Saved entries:
★ ★ ★ ★ ★

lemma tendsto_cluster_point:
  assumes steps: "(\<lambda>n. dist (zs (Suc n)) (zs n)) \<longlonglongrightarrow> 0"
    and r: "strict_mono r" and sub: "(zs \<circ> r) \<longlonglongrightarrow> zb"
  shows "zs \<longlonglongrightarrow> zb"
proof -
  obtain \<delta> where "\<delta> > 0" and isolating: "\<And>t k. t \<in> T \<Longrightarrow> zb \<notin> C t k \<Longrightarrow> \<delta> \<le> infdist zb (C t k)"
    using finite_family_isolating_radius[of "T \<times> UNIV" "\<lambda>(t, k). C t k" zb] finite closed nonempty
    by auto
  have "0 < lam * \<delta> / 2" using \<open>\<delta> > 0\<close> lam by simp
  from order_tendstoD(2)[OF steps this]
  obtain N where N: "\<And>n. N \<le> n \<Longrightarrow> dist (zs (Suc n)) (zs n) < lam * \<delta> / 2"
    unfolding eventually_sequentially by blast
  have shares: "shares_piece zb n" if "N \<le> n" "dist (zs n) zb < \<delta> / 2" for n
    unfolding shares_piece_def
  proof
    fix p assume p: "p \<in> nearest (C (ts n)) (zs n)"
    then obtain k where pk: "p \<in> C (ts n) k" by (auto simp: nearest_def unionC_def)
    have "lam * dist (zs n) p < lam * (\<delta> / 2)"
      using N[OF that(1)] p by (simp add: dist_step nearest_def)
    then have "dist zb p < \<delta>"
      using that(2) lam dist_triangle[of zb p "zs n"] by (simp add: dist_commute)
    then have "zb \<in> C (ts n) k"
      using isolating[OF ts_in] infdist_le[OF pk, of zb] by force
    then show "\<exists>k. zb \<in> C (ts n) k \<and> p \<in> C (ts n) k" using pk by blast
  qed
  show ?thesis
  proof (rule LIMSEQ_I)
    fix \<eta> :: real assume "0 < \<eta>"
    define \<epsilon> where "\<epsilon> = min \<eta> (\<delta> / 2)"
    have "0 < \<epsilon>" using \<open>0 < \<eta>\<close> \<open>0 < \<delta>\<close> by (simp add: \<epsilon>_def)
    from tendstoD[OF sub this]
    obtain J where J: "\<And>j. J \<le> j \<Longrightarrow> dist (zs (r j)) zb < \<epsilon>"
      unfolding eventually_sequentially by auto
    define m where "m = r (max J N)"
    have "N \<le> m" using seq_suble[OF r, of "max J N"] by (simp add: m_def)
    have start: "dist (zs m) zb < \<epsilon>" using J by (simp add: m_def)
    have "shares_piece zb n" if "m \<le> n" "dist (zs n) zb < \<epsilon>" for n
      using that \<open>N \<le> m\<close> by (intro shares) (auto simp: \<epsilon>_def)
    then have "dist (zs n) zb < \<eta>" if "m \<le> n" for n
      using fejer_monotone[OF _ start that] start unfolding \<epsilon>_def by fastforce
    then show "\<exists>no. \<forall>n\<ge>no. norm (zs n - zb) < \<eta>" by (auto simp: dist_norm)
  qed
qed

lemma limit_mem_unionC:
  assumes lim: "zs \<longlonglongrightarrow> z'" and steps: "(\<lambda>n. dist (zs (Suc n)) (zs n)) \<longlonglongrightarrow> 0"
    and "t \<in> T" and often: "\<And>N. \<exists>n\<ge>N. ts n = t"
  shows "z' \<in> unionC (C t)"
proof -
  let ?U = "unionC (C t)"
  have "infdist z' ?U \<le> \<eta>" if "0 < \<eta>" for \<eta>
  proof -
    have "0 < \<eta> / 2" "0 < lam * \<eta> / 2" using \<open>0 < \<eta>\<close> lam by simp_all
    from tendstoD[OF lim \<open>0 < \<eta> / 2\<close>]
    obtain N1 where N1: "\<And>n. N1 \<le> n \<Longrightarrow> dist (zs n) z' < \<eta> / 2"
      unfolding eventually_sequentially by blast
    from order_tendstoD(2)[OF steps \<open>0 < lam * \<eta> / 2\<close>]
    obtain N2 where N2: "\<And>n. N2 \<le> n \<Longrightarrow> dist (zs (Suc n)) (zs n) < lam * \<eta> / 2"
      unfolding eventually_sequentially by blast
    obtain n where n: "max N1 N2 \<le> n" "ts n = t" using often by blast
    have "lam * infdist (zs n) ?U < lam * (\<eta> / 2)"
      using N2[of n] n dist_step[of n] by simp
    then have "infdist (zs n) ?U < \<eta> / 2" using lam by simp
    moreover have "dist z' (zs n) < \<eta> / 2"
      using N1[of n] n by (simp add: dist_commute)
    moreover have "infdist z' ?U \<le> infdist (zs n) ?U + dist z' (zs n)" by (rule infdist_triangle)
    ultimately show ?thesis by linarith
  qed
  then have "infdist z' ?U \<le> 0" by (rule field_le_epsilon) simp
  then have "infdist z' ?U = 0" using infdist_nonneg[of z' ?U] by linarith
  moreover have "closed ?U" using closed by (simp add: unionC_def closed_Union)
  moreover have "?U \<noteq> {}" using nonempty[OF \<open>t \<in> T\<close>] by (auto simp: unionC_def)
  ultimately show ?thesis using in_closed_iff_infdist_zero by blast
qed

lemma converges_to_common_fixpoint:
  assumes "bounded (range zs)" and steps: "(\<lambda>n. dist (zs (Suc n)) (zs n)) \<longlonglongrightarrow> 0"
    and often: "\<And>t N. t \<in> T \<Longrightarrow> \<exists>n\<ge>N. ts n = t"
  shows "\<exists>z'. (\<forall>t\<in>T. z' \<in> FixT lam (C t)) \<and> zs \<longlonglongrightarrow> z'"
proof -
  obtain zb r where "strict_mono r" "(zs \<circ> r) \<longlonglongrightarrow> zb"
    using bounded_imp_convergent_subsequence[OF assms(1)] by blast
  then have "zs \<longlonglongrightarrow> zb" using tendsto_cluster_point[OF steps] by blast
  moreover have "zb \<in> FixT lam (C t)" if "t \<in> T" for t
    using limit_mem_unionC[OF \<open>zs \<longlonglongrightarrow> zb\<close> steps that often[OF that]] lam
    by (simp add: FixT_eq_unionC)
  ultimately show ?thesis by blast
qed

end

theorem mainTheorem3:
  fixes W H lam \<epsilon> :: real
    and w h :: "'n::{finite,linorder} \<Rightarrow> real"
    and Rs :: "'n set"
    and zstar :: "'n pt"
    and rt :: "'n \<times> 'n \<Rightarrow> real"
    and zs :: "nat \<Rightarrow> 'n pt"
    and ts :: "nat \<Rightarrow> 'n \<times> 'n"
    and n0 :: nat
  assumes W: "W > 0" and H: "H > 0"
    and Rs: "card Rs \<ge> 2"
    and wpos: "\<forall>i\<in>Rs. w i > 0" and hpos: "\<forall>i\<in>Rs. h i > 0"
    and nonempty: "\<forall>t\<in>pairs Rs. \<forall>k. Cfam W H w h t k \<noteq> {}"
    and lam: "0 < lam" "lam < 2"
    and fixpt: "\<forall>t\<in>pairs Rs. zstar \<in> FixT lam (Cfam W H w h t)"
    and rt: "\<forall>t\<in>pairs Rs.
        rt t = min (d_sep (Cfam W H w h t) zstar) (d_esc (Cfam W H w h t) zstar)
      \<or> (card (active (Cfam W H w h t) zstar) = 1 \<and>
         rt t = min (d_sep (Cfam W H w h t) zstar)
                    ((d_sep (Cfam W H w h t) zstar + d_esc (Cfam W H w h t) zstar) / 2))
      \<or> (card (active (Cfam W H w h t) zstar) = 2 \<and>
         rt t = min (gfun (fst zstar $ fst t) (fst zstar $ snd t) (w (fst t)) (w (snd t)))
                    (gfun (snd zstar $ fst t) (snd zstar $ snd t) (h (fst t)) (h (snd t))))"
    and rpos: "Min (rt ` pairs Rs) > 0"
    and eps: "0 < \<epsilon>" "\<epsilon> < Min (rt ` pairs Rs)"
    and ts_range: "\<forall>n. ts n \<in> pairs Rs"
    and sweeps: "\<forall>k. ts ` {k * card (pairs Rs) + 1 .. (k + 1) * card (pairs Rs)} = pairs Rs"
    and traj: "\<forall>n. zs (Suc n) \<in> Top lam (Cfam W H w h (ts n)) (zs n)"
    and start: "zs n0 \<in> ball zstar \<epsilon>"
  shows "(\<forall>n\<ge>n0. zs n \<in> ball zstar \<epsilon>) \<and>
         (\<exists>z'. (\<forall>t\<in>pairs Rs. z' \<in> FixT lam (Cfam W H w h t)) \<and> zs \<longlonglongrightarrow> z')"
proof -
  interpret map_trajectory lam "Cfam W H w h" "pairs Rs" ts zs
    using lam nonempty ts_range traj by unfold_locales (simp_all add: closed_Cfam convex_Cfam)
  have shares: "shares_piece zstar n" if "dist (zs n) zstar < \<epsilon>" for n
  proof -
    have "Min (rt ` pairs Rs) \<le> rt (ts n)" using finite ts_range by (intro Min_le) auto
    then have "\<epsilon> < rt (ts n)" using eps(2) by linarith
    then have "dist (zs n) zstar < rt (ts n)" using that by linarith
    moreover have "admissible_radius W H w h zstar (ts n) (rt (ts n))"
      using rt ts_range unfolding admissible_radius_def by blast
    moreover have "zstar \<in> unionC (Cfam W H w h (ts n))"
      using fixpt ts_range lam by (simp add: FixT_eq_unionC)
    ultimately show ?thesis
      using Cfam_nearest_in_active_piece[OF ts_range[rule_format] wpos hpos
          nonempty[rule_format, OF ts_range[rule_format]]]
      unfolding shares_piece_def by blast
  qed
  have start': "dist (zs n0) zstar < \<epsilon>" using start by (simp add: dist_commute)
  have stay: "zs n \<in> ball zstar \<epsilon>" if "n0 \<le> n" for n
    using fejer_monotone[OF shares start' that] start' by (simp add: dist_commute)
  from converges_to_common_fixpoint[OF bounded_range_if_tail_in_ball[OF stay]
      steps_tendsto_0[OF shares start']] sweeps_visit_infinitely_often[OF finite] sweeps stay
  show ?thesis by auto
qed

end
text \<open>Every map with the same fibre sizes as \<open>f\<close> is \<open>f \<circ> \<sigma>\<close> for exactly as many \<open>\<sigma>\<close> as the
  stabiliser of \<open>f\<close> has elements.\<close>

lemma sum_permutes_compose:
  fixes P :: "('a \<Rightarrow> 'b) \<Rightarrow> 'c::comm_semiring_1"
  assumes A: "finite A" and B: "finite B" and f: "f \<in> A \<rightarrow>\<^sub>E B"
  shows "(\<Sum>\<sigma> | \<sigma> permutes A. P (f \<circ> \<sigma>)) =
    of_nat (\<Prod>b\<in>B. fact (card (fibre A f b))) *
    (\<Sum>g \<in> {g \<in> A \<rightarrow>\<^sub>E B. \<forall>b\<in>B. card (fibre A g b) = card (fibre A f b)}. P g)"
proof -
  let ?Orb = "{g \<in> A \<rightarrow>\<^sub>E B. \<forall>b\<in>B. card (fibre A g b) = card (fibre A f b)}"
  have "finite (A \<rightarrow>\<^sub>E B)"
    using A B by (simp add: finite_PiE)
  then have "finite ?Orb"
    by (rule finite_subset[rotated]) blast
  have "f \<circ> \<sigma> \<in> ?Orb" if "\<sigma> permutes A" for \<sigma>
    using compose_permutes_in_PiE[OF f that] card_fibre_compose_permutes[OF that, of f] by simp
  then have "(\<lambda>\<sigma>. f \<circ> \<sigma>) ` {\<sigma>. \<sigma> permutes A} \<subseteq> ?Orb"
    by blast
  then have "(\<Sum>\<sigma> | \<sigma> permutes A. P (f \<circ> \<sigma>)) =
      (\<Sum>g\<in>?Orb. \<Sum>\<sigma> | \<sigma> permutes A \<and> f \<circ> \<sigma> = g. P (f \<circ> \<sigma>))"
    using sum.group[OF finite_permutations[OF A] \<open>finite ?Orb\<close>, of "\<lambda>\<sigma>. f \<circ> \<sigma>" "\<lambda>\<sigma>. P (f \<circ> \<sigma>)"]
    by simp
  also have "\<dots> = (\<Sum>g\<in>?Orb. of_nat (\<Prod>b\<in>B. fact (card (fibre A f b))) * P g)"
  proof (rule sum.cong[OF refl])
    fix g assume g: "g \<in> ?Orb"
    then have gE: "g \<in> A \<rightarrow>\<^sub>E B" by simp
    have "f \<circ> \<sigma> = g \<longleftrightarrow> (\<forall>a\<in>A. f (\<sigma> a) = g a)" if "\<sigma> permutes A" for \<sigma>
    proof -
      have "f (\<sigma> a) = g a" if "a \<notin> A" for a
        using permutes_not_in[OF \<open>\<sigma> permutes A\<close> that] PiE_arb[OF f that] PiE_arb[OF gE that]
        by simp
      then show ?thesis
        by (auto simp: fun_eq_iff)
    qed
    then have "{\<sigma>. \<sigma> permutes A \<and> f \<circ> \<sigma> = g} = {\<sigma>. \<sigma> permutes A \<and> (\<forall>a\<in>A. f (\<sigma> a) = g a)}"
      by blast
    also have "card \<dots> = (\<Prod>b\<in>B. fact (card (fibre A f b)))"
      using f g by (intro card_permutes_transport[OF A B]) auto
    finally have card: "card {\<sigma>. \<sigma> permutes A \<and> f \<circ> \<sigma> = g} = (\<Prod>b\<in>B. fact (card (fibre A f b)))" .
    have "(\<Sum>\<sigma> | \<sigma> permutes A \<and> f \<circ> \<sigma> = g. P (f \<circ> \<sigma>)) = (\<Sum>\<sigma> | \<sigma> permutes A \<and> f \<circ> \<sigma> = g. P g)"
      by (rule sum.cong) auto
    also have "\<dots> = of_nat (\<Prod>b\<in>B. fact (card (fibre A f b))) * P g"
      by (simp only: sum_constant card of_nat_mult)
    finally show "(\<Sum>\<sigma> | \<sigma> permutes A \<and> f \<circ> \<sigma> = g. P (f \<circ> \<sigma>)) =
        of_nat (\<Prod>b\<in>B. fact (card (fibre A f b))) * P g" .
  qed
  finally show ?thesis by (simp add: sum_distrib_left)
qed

★ ★ ★ ★ ★

[Brief]
Each line above from the one with "and n0 :: nat" up to and including the one with "using rt ts_range" must be set down exactly, and no line outside that span may appear.

[Task response]
    and n0 :: nat
  assumes W: "W > 0" and H: "H > 0"
    and Rs: "card Rs \<ge> 2"
    and wpos: "\<forall>i\<in>Rs. w i > 0" and hpos: "\<forall>i\<in>Rs. h i > 0"
    and nonempty: "\<forall>t\<in>pairs Rs. \<forall>k. Cfam W H w h t k \<noteq> {}"
    and lam: "0 < lam" "lam < 2"
    and fixpt: "\<forall>t\<in>pairs Rs. zstar \<in> FixT lam (Cfam W H w h t)"
    and rt: "\<forall>t\<in>pairs Rs.
        rt t = min (d_sep (Cfam W H w h t) zstar) (d_esc (Cfam W H w h t) zstar)
      \<or> (card (active (Cfam W H w h t) zstar) = 1 \<and>
         rt t = min (d_sep (Cfam W H w h t) zstar)
                    ((d_sep (Cfam W H w h t) zstar + d_esc (Cfam W H w h t) zstar) / 2))
      \<or> (card (active (Cfam W H w h t) zstar) = 2 \<and>
         rt t = min (gfun (fst zstar $ fst t) (fst zstar $ snd t) (w (fst t)) (w (snd t)))
                    (gfun (snd zstar $ fst t) (snd zstar $ snd t) (h (fst t)) (h (snd t))))"
    and rpos: "Min (rt ` pairs Rs) > 0"
    and eps: "0 < \<epsilon>" "\<epsilon> < Min (rt ` pairs Rs)"
    and ts_range: "\<forall>n. ts n \<in> pairs Rs"
    and sweeps: "\<forall>k. ts ` {k * card (pairs Rs) + 1 .. (k + 1) * card (pairs Rs)} = pairs Rs"
    and traj: "\<forall>n. zs (Suc n) \<in> Top lam (Cfam W H w h (ts n)) (zs n)"
    and start: "zs n0 \<in> ball zstar \<epsilon>"
  shows "(\<forall>n\<ge>n0. zs n \<in> ball zstar \<epsilon>) \<and>
         (\<exists>z'. (\<forall>t\<in>pairs Rs. z' \<in> FixT lam (Cfam W H w h t)) \<and> zs \<longlonglongrightarrow> z')"
proof -
  interpret map_trajectory lam "Cfam W H w h" "pairs Rs" ts zs
    using lam nonempty ts_range traj by unfold_locales (simp_all add: closed_Cfam convex_Cfam)
  have shares: "shares_piece zstar n" if "dist (zs n) zstar < \<epsilon>" for n
  proof -
    have "Min (rt ` pairs Rs) \<le> rt (ts n)" using finite ts_range by (intro Min_le) auto
    then have "\<epsilon> < rt (ts n)" using eps(2) by linarith
    then have "dist (zs n) zstar < rt (ts n)" using that by linarith
    moreover have "admissible_radius W H w h zstar (ts n) (rt (ts n))"
      using rt ts_range unfolding admissible_radius_def by blast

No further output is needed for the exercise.